Nous avons reçu ce témoignage la veille du résultat d’un procès en Cour d’Appel de Paris (cf rubrique historique de la molécule).
« Je suis « fille Distilbène ». Ma mère a pris ce médicament pendant 9 mois en 1968. Nous avons retrouvé les ordonnances de l’époque sur l’ordonnancier gardé dans les archives du pharmacien. Cela aurait dû être une preuve écrite d’une importance capitale.
Mon passé gynécologique est très lourd. Dysménorrhée, endométrioses à répétition, utérus en T, infertilité, deux fausses couches, et par «miracle» deux grossesses difficiles, douloureuses, strictement alitées et médicalement surveillées tous les 15 jours à l’hôpital de la Croix Rousse à Lyon.
Comme j’ai beaucoup déménagé, j’ai connu plusieurs médecins qui ont tous diagnostiqué la même chose : hypoplasie utérine. Vue et suivie par des professeurs en médecine, membres du Conseil Scientifique de Réseau D.E.S. France.
La dernière endométriose, sévère, fut suspectée être un début de cancer, donc hystérectomie totale et annexielle (ovaires et trompes) à 33 ans !
J’ai intenté un procès avec toutes les preuves et les témoignages, et un avocat spécialiste du DES. Ce fut le procès de la honte et de l’humiliation avec des expertises odieuses et des comptes-rendus scandalisant les professeurs qui m’ont toujours accompagnée !
Après 4 années de combat, j’ai gagné : le montant accordé a juste suffi à couvrir mes frais d’avocat, alors que mon dossier comprenait des preuves éloquentes !
Donc je réagis en voyant les actualités pour ces deux plaignantes dont le jugement sera rendu demain, 26 octobre 2012.
L’injustice de la justice ! Quand l’argent rend les hommes irresponsables, on laisse des milliers d’enfants victimes d’un médicament nocif. C’est scandaleux.»
Virginie
Ce témoignage suscite en nous, l’équipe de rédaction de Réseau D.E.S. France, plusieurs réflexions.
Notre ressenti est que cette procédure n’a pas permis à Virginie d’être apaisée, d’avoir le sentiment de justice, car la réparation financière est ridicule, au regard de son histoire et des souffrances endurées.

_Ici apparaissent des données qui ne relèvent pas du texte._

(* Let $\mathfrak R$ be either the Sierpiński gasket iterated graph system or the pentagonal Sierpiński carpet iterated graph system, with replacement graphs $G_m$, and let $n\in\mathbb N$. For every $\tilde w\in W_\#$ there is a folding of $G_{n+|\tilde w|}$ onto $\tilde w\cdot W_n:=\{\tilde w u:u\in W_n\}$.
   Context: Graphs: $(V,E)$ with $V$ finite non-empty, $E\subseteq V\times V$, $(x,y)\in E\Rightarrow(y,x)\notin E$; $\{x,y\}\in E$ means either orientation. A mapping between graphs $\varphi:G\to G'$ maps vertices so that each edge $\{x,y\}$ has $\varphi(x)=\varphi(y)$ or $\{\varphi(x),\varphi(y)\}\in E(G')$. A folding of $G$ onto $U\subseteq V(G)$ is a mapping between graphs $\varphi:G\to\langle U\rangle$ (induced subgraph) with $\varphi|_U=\mathrm{id}_U$. An iterated graph system consists of a connected graph $G_1=(S,E)$, a finite set $\mathcal T$ of types, a surjective typing $\mathfrak t:E\to\mathcal T$ and gluing rules $I_t\subseteq S\times S$. With $W_m=S^m$, $W_\#=\bigcup_{m\ge1}W_m$, $[w]_k=w_1\cdots w_k$, the replacement graphs $G_m=(W_m,E_m)$ are defined recursively: $(w,v)\in E_{m+1}$ iff either (1) $[w]_m=[v]_m$ and $(w_{m+1},v_{m+1})\in E$ (type $\mathfrak t(w_{m+1},v_{m+1})$), or (2) $([w]_m,[v]_m)\in E_m$ and $(w_{m+1},v_{m+1})\in I_{\mathfrak t([w]_m,[v]_m)}$ (type $\mathfrak t([w]_m,[v]_m)$). Sierpiński gasket: $S=\{0,1,2\}$, $E=\{(0,1),(1,2),(0,2)\}$ with types $a,b,c$ respectively, $I_a=\{(1,0)\}$, $I_b=\{(2,1)\}$, $I_c=\{(2,0)\}$. Pentagonal Sierpiński carpet: $S=\{0,1,2,3,4\}$, $E=\{(0,1),(1,2),(2,3),(3,4),(4,0)\}$ with types $a,b,c,d,e$ respectively, $I_a=\{(1,0),(2,4)\}$, $I_b=\{(2,1),(3,0)\}$, $I_c=\{(3,2),(4,1)\}$, $I_d=\{(4,3),(0,2)\}$, $I_e=\{(0,4),(1,3)\}$. *)

theory Defs
  imports Main
begin

definition has_edge :: "('v \<times> 'v) set \<Rightarrow> 'v \<Rightarrow> 'v \<Rightarrow> bool" where
  "has_edge E x y \<longleftrightarrow> (x, y) \<in> E \<or> (y, x) \<in> E"

definition graph_mapping ::
  "'v set \<Rightarrow> ('v \<times> 'v) set \<Rightarrow> 'w set \<Rightarrow> ('w \<times> 'w) set \<Rightarrow> ('v \<Rightarrow> 'w) \<Rightarrow> bool" where
  "graph_mapping V E V' E' \<phi> \<longleftrightarrow>
     (\<forall>x\<in>V. \<phi> x \<in> V') \<and>
     (\<forall>x y. (x, y) \<in> E \<longrightarrow> \<phi> x = \<phi> y \<or> has_edge E' (\<phi> x) (\<phi> y))"

definition induced_edges :: "('v \<times> 'v) set \<Rightarrow> 'v set \<Rightarrow> ('v \<times> 'v) set" where
  "induced_edges E U = E \<inter> (U \<times> U)"

definition graph_folding :: "'v set \<Rightarrow> ('v \<times> 'v) set \<Rightarrow> 'v set \<Rightarrow> ('v \<Rightarrow> 'v) \<Rightarrow> bool" where
  "graph_folding V E U \<phi> \<longleftrightarrow> U \<subseteq> V \<and> graph_mapping V E U (induced_edges E U) \<phi> \<and> (\<forall>x\<in>U. \<phi> x = x)"

record igs =
  igs_S :: "nat set"
  igs_E :: "(nat \<times> nat) set"
  igs_type :: "nat \<times> nat \<Rightarrow> nat"
  igs_glue :: "nat \<Rightarrow> (nat \<times> nat) set"

definition words :: "igs \<Rightarrow> nat \<Rightarrow> nat list set" where
  "words R m = {w. length w = m \<and> set w \<subseteq> igs_S R}"

definition all_words :: "igs \<Rightarrow> nat list set" where
  "all_words R = (\<Union>m\<in>{1..}. words R m)"

fun typed_edges :: "igs \<Rightarrow> nat \<Rightarrow> ((nat list \<times> nat list) \<times> nat) set" where
  "typed_edges R 0 = {}"
| "typed_edges R (Suc 0) = {(([a], [b]), igs_type R (a, b)) | a b. (a, b) \<in> igs_E R}"
| "typed_edges R (Suc (Suc m)) =
     {((w @ [a], w @ [b]), igs_type R (a, b)) | w a b. w \<in> words R (Suc m) \<and> (a, b) \<in> igs_E R}
   \<union> {((w @ [a], v @ [b]), t) | w v a b t.
        ((w, v), t) \<in> typed_edges R (Suc m) \<and> (a, b) \<in> igs_glue R t}"

definition edges :: "igs \<Rightarrow> nat \<Rightarrow> (nat list \<times> nat list) set" where
  "edges R m = fst ` typed_edges R m"

definition sierpinski_gasket :: igs where
  "sierpinski_gasket =
    \<lparr> igs_S = {0, 1, 2},
      igs_E = {(0, 1), (1, 2), (0, 2)},
      igs_type = (\<lambda>e. if e = (0, 1) then 0 else if e = (1, 2) then 1 else 2),
      igs_glue = (\<lambda>t. if t = 0 then {(1, 0)} else if t = 1 then {(2, 1)} else {(2, 0)}) \<rparr>"

definition pentagonal_carpet :: igs where
  "pentagonal_carpet =
    \<lparr> igs_S = {0, 1, 2, 3, 4},
      igs_E = {(0, 1), (1, 2), (2, 3), (3, 4), (4, 0)},
      igs_type = fst,
      igs_glue = (\<lambda>t. if t = 0 then {(1, 0), (2, 4)}
                   else if t = 1 then {(2, 1), (3, 0)}
                   else if t = 2 then {(3, 2), (4, 1)}
                   else if t = 3 then {(4, 3), (0, 2)}
                   else {(0, 4), (1, 3)}) \<rparr>"

end

theory Submission
  imports Defs
begin

text \<open>It suffices to find, for every letter c, a mapping F_c from G_(m+1) to G_m with
  F_c (c u) = u.  Composing F_(w_1), ..., F_(w_k) gives a mapping \<psi> of G_(|w|+n) to G_n
  with \<psi> (w u) = u, and since prefixing by w carries edges of G_n to edges of G_(|w|+n),
  x \<mapsto> w \<psi>(x) is a folding onto w W_n.
  For the gasket, F_c forgets the first letter d and rotates the remaining letters by d - c; the
  only edges between different level-one cells, p q^j -- q p^j, are collapsed to a point.
  For the pentagonal carpet, F_0 maps each level-one cell d onto cell 0 by a symmetry of the
  pentagon, composed for d = 3 with the folding along the axis through corner 0, chosen such that
  the maps of two adjacent cells agree along their glued sides; F_c is F_0 conjugated by a rotation.\<close>

lemma list_all2_set_subset:
  assumes "list_all2 Q u v" and "\<And>a b. Q a b \<Longrightarrow> a \<in> A \<and> b \<in> B"
  shows "set u \<subseteq> A" and "set v \<subseteq> B"
  using assms by (induction u v rule: list_all2_induct) auto

lemma map_eq_map_if_list_all2:
  "list_all2 Q u v \<Longrightarrow> (\<And>a b. Q a b \<Longrightarrow> f a = g b) \<Longrightarrow> map f u = map g v"
  by (induction u v rule: list_all2_induct) auto

lemma list_all2_const_iff:
  "list_all2 (\<lambda>a b. a = x \<and> b = y) u v \<longleftrightarrow> u = replicate (length u) x \<and> v = replicate (length u) y"
  by (induction u arbitrary: v) (auto simp: list_all2_Cons1)
(* Let $G$ be a finite group and $K$ a field in which $|G|$ is invertible. Let $V\le G$ and let $(f_U)_{U\in\widehat\Sigma_G}=\sigma_G(\Delta(e_V))$. If $U\in\widehat\Sigma_G$ is not isomorphic to $V$ then $f_U=0$. If $U\in\widehat\Sigma_G$ is isomorphic to $V$ then $f_U$ is the projection of $K\overline{\mathrm{Inj}}(U,G)=\bigoplus_{C}K\overline{\mathrm{Inj}}(U,G)_C$ onto the summand indexed by the $G$-conjugacy class $C$ of $V$, where $C$ runs over the $G$-conjugacy classes of subgroups of $G$ isomorphic to $U$ and $K\overline{\mathrm{Inj}}(U,G)_C$ is spanned by the $[\lambda]$ with $\lambda(U)\in C$.
   Context: $B(G)$ is the Burnside ring with marks $\Phi_H([X])=|X^H|$; $e_V\in KB(G)$ is the element with $\Phi_{V'}(e_V)=1$ if $V'$ is $G$-conjugate to $V$ and $0$ otherwise. Finite $(G,G)$-bisets are left $G\times G$-sets via $(g,h)x=gxh^{-1}$; $B^\Delta(G,G)$ is the Grothendieck ring (product induced by $X\times_G Y$) of bisets whose point stabilizers $L$ satisfy $\{g\mid(g,1)\in L\}=\{g\mid(1,g)\in L\}=1$; $\Phi_L$ denotes marks on $G\times G$-sets. $\Delta\colon KB(G)\to KB^\Delta(G,G)$ is the $K$-linear ring homomorphism $[G/W]\mapsto[G\times G/\{(w,w)\mid w\in W\}]$. $\mathrm{Inj}(U,G)$: injective homomorphisms $U\to G$ with $G$ acting by $\lambda\mapsto c_g\lambda$ and $\mathrm{Aut}(U)$ on the right by composition; $\overline{\mathrm{Inj}}(U,G)=G\backslash\mathrm{Inj}(U,G)$ (elements $[\lambda]$), a right $\mathrm{Out}(U)$-set. $\widehat\Sigma_G$: representatives of isomorphism classes of subgroups of $G$. $\sigma_G\colon KB^\Delta(G,G)\to\prod_{U\in\widehat\Sigma_G}\mathrm{End}_{K\mathrm{Out}(U)}(K\overline{\mathrm{Inj}}(U,G))$ is $a\mapsto\bigl([\mu]\mapsto\sum_{[\lambda]\in\overline{\mathrm{Inj}}(U,G)}\frac{\Phi_{\{(\lambda(u),\mu(u))\mid u\in U\}}(a)}{|C_G(\lambda(U))|}[\lambda]\bigr)_U$. *)

theory Defs
  imports "HOL-Algebra.Algebra"
begin

definition lcosets_of :: "('a, 'b) monoid_scheme \<Rightarrow> 'a set \<Rightarrow> 'a set set" where
  "lcosets_of G H = (\<lambda>g. l_coset G g H) ` carrier G"

definition fixed_cosets :: "('a, 'b) monoid_scheme \<Rightarrow> 'a set \<Rightarrow> 'a set \<Rightarrow> 'a set set" where
  "fixed_cosets G H L = {Z. Z \<in> lcosets_of G H \<and> (\<forall>y\<in>L. l_coset G y Z = Z)}"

Nous devons nous rappeler qu’une procédure ne peut pas réparer les dommages. Quel que soit le montant obtenu, il ne pourra jamais réparer ce que le DES a causé dans notre vie, lorsqu’on se sent blessée dans notre corps.
Son témoignage montre que chacun progresse dans sa propre histoire, à son rythme, et que les procédures, outils d’apaisement pour les uns, ne sont pas nécessairement la solution pour les autres.
Penser que toutes les «filles DES» devraient se réunir pour agir en justice, c’est ne pas prendre en compte le cheminement de chacune. Aller ou ne pas aller en procédure n’est ni une bonne, ni une mauvaise attitude. Cela doit rester une décision personnelle, prise de manière éclairée, et après avoir cerné précisément ses motivations et les risques encourus.